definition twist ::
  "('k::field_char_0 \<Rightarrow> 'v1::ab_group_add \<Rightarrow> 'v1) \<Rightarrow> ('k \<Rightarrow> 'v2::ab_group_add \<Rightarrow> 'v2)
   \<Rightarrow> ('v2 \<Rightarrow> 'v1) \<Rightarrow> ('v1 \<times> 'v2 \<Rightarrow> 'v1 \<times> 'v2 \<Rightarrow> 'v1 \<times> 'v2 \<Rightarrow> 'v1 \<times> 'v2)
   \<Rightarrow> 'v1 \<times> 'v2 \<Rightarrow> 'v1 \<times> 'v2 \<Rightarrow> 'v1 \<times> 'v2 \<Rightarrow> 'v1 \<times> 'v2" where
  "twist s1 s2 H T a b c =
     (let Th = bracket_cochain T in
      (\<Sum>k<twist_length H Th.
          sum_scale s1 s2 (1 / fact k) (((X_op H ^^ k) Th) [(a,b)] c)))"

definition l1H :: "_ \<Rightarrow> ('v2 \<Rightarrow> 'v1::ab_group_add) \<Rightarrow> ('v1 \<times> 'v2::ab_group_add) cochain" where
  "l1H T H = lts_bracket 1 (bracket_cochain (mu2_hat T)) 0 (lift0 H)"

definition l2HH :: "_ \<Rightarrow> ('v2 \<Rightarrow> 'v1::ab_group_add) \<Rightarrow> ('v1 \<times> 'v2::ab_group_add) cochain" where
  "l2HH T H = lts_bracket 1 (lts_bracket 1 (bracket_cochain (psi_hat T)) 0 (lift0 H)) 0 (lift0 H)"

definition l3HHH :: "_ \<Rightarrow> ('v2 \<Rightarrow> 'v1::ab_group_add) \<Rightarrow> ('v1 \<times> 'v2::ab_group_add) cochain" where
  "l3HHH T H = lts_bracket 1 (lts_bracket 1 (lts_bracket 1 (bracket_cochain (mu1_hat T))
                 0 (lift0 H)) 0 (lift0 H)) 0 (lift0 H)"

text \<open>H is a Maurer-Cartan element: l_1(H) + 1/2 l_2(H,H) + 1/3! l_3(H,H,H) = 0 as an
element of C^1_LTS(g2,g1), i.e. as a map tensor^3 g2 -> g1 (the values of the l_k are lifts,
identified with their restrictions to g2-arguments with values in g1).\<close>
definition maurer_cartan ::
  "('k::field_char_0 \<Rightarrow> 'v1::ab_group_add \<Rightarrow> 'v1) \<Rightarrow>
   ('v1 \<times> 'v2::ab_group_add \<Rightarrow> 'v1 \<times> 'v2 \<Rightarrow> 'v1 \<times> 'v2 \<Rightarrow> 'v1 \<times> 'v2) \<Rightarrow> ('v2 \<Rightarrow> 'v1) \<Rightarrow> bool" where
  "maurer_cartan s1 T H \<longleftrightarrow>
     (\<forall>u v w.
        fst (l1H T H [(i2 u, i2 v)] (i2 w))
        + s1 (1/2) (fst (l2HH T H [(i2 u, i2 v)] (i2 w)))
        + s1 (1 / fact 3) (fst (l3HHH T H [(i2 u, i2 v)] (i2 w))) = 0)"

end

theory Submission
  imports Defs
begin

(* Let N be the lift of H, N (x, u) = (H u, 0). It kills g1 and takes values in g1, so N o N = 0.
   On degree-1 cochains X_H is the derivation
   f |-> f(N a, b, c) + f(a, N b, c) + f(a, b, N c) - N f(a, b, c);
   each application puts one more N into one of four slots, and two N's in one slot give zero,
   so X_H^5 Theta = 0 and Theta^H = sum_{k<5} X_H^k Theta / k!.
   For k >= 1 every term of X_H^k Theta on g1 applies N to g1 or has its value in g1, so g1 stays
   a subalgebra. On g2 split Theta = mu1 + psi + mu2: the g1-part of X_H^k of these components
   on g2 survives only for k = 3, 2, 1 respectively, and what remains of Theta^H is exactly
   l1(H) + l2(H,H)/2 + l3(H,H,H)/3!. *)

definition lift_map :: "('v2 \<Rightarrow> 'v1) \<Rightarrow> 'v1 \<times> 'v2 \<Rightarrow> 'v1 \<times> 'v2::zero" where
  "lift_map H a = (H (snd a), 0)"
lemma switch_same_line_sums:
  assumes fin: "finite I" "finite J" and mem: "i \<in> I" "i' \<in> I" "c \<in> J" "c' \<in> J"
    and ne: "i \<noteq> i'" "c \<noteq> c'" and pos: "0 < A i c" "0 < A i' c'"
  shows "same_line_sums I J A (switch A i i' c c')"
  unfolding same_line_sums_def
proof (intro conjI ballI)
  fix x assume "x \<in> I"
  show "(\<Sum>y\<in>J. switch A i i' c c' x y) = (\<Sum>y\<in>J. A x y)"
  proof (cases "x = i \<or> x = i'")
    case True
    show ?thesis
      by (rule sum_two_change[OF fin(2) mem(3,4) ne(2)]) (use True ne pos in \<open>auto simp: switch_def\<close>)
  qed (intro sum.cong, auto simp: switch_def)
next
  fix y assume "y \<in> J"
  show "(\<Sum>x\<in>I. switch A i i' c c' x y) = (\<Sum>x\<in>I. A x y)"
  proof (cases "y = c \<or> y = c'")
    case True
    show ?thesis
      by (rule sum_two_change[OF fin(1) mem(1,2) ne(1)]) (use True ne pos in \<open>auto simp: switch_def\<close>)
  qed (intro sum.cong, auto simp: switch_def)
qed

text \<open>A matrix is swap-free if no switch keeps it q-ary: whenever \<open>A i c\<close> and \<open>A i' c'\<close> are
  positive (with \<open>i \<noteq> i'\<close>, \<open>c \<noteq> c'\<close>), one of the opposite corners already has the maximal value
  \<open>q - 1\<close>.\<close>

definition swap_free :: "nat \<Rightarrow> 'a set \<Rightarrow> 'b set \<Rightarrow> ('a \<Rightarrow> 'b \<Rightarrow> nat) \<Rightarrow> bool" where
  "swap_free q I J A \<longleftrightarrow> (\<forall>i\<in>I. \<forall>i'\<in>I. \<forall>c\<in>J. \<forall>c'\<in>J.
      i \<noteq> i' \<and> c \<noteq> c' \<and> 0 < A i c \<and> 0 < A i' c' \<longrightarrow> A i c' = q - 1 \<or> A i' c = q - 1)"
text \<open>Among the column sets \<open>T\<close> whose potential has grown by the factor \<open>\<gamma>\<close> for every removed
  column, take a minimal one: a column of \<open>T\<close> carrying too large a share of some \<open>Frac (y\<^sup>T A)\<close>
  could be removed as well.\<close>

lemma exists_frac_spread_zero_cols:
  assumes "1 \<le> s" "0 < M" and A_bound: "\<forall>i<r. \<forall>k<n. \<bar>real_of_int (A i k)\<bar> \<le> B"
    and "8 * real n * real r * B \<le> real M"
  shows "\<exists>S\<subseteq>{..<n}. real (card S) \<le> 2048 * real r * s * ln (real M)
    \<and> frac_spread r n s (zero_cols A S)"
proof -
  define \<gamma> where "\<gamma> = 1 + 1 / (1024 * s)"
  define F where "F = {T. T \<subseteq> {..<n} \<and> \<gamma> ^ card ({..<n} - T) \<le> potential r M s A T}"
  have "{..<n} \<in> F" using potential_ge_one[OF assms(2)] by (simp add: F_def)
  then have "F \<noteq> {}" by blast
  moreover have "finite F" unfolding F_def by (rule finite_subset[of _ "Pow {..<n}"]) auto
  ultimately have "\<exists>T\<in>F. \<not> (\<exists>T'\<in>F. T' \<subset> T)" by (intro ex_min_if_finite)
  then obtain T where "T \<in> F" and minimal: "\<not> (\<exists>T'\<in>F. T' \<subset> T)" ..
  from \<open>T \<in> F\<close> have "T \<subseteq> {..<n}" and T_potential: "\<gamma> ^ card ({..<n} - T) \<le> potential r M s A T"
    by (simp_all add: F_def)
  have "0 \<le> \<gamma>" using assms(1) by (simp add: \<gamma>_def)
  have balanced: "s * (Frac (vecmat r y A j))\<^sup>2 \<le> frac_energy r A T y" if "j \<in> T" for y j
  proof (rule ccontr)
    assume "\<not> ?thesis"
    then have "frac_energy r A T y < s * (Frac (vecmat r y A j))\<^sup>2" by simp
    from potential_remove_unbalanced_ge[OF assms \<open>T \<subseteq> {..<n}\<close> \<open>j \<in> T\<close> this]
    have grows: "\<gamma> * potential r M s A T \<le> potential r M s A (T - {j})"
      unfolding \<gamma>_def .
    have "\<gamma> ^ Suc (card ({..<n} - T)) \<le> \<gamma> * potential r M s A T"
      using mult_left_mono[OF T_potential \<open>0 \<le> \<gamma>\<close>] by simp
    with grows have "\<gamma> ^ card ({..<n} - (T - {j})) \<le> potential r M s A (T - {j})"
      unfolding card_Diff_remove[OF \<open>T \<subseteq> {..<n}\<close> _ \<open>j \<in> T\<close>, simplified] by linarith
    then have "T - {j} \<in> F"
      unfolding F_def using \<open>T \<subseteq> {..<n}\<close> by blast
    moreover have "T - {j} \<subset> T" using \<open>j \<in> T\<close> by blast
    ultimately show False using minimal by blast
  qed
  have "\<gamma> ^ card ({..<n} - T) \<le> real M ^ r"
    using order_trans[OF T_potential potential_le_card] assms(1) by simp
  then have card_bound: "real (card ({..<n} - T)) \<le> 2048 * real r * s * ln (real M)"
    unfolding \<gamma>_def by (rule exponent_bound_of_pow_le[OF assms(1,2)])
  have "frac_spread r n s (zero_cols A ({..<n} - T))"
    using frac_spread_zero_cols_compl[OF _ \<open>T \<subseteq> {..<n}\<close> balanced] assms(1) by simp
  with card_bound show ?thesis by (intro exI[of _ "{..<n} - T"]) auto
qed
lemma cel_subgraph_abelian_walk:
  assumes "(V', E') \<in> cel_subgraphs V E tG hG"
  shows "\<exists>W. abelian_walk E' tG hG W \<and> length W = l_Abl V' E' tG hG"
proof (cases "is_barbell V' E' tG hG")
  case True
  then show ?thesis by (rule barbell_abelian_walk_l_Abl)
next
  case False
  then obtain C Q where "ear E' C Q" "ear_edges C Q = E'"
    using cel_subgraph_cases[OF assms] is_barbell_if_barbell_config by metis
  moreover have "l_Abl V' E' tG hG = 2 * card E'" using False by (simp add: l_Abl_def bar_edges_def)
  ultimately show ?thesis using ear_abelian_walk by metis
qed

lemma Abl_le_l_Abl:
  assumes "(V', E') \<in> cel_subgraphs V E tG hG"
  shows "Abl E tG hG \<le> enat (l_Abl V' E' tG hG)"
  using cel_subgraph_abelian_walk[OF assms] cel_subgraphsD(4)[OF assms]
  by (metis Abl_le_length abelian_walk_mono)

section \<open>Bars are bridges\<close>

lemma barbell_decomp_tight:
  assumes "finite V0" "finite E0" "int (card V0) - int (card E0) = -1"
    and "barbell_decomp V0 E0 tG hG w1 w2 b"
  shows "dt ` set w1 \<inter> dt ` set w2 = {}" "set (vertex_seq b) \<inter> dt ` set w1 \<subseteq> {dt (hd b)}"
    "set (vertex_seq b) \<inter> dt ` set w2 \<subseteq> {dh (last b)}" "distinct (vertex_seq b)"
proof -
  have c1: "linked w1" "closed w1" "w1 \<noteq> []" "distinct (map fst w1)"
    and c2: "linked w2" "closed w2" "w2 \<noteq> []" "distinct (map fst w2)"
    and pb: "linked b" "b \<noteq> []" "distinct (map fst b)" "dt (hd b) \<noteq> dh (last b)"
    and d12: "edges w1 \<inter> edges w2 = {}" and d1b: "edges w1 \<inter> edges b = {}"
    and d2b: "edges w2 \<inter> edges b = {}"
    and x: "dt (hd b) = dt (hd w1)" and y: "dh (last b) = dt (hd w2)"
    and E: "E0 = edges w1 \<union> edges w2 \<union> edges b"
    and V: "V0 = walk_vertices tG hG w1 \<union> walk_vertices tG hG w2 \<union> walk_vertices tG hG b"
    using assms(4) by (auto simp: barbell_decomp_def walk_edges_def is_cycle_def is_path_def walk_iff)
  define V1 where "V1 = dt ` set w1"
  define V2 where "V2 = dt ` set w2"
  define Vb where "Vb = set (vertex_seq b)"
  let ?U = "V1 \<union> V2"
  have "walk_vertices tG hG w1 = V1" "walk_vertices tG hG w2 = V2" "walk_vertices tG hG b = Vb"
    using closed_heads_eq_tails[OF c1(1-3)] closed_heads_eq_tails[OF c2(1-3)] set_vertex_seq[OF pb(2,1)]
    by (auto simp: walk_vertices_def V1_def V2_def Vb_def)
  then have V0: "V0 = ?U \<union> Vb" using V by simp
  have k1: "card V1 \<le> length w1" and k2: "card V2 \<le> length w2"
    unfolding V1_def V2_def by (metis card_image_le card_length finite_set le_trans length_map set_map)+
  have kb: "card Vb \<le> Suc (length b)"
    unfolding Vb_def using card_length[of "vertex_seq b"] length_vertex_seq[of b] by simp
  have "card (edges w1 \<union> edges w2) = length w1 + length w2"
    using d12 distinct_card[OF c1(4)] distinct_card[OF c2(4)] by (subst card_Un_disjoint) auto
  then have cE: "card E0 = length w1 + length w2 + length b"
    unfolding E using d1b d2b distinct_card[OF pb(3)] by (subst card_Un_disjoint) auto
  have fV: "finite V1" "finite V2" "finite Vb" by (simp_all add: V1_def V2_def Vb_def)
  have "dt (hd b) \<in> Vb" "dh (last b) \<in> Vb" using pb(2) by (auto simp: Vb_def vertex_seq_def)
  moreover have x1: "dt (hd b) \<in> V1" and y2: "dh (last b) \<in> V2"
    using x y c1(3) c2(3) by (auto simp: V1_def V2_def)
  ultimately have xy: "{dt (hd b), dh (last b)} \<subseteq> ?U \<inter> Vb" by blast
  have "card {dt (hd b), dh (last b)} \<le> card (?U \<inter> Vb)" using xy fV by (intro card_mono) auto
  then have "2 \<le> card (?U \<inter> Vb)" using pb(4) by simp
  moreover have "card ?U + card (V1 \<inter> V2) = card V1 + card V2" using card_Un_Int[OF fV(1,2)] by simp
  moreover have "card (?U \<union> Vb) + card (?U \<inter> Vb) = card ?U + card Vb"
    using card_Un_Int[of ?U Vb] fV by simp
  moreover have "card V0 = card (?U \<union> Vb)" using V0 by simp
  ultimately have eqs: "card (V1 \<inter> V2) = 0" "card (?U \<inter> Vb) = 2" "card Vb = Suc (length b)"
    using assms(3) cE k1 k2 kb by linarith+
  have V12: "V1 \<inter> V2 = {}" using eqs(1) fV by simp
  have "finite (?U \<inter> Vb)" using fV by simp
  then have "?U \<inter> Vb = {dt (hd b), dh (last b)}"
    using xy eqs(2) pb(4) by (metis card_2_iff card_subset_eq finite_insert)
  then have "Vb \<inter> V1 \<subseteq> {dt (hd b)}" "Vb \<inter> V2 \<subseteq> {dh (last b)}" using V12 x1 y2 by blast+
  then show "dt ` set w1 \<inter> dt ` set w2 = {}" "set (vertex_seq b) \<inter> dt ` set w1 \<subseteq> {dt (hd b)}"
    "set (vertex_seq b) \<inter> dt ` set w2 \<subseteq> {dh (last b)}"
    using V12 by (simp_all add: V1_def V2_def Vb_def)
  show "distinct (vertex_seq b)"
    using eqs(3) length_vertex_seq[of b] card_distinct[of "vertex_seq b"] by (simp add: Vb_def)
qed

::::::::

=== Work request ===
Retype only the lines above between the line with "w2 \<inter> edges" and the line with "define Vb where", counting those two lines as well, and keep every character as it is.

=== Answer ===
    and d2b: "edges w2 \<inter> edges b = {}"
    and x: "dt (hd b) = dt (hd w1)" and y: "dh (last b) = dt (hd w2)"
    and E: "E0 = edges w1 \<union> edges w2 \<union> edges b"
    and V: "V0 = walk_vertices tG hG w1 \<union> walk_vertices tG hG w2 \<union> walk_vertices tG hG b"
    using assms(4) by (auto simp: barbell_decomp_def walk_edges_def is_cycle_def is_path_def walk_iff)
  define V1 where "V1 = dt ` set w1"
  define V2 where "V2 = dt ` set w2"
  define Vb where "Vb = set (vertex_seq b)"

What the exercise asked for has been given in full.